** Record excerpts follows **

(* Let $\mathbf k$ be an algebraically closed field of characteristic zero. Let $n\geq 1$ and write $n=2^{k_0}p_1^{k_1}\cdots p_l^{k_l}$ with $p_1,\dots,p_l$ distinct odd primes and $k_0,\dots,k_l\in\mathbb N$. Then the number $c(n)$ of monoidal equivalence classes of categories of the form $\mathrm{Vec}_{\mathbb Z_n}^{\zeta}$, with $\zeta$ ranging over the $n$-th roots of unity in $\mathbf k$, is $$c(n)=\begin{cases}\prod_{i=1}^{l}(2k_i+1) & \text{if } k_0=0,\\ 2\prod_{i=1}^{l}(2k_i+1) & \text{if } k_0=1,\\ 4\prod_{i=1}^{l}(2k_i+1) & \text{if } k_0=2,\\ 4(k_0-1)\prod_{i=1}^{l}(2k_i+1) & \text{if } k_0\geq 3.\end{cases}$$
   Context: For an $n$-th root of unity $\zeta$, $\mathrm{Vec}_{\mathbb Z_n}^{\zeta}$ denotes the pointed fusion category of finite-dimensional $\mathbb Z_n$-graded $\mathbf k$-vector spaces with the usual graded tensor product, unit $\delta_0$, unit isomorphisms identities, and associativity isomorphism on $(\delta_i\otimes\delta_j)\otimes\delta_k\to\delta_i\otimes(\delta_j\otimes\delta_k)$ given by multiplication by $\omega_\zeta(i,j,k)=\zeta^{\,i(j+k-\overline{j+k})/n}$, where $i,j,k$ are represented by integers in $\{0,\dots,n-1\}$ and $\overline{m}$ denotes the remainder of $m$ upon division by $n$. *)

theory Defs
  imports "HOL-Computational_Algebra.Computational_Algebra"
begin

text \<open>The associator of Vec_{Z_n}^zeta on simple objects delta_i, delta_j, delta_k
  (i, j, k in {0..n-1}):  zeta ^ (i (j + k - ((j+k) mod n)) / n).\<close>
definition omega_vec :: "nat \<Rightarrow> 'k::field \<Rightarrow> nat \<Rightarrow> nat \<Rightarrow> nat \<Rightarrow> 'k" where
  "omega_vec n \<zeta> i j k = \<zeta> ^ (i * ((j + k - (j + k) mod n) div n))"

** End of Record excerpts **

What to do
Nothing in the records may be altered; restate them word for word.

Response to this exercise
(* Let $\mathbf k$ be an algebraically closed field of characteristic zero. Let $n\geq 1$ and write $n=2^{k_0}p_1^{k_1}\cdots p_l^{k_l}$ with $p_1,\dots,p_l$ distinct odd primes and $k_0,\dots,k_l\in\mathbb N$. Then the number $c(n)$ of monoidal equivalence classes of categories of the form $\mathrm{Vec}_{\mathbb Z_n}^{\zeta}$, with $\zeta$ ranging over the $n$-th roots of unity in $\mathbf k$, is $$c(n)=\begin{cases}\prod_{i=1}^{l}(2k_i+1) & \text{if } k_0=0,\\ 2\prod_{i=1}^{l}(2k_i+1) & \text{if } k_0=1,\\ 4\prod_{i=1}^{l}(2k_i+1) & \text{if } k_0=2,\\ 4(k_0-1)\prod_{i=1}^{l}(2k_i+1) & \text{if } k_0\geq 3.\end{cases}$$
   Context: For an $n$-th root of unity $\zeta$, $\mathrm{Vec}_{\mathbb Z_n}^{\zeta}$ denotes the pointed fusion category of finite-dimensional $\mathbb Z_n$-graded $\mathbf k$-vector spaces with the usual graded tensor product, unit $\delta_0$, unit isomorphisms identities, and associativity isomorphism on $(\delta_i\otimes\delta_j)\otimes\delta_k\to\delta_i\otimes(\delta_j\otimes\delta_k)$ given by multiplication by $\omega_\zeta(i,j,k)=\zeta^{\,i(j+k-\overline{j+k})/n}$, where $i,j,k$ are represented by integers in $\{0,\dots,n-1\}$ and $\overline{m}$ denotes the remainder of $m$ upon division by $n$. *)

theory Defs
  imports "HOL-Computational_Algebra.Computational_Algebra"
begin

text \<open>The associator of Vec_{Z_n}^zeta on simple objects delta_i, delta_j, delta_k
  (i, j, k in {0..n-1}):  zeta ^ (i (j + k - ((j+k) mod n)) / n).\<close>
definition omega_vec :: "nat \<Rightarrow> 'k::field \<Rightarrow> nat \<Rightarrow> nat \<Rightarrow> nat \<Rightarrow> 'k" where
  "omega_vec n \<zeta> i j k = \<zeta> ^ (i * ((j + k - (j + k) mod n) div n))"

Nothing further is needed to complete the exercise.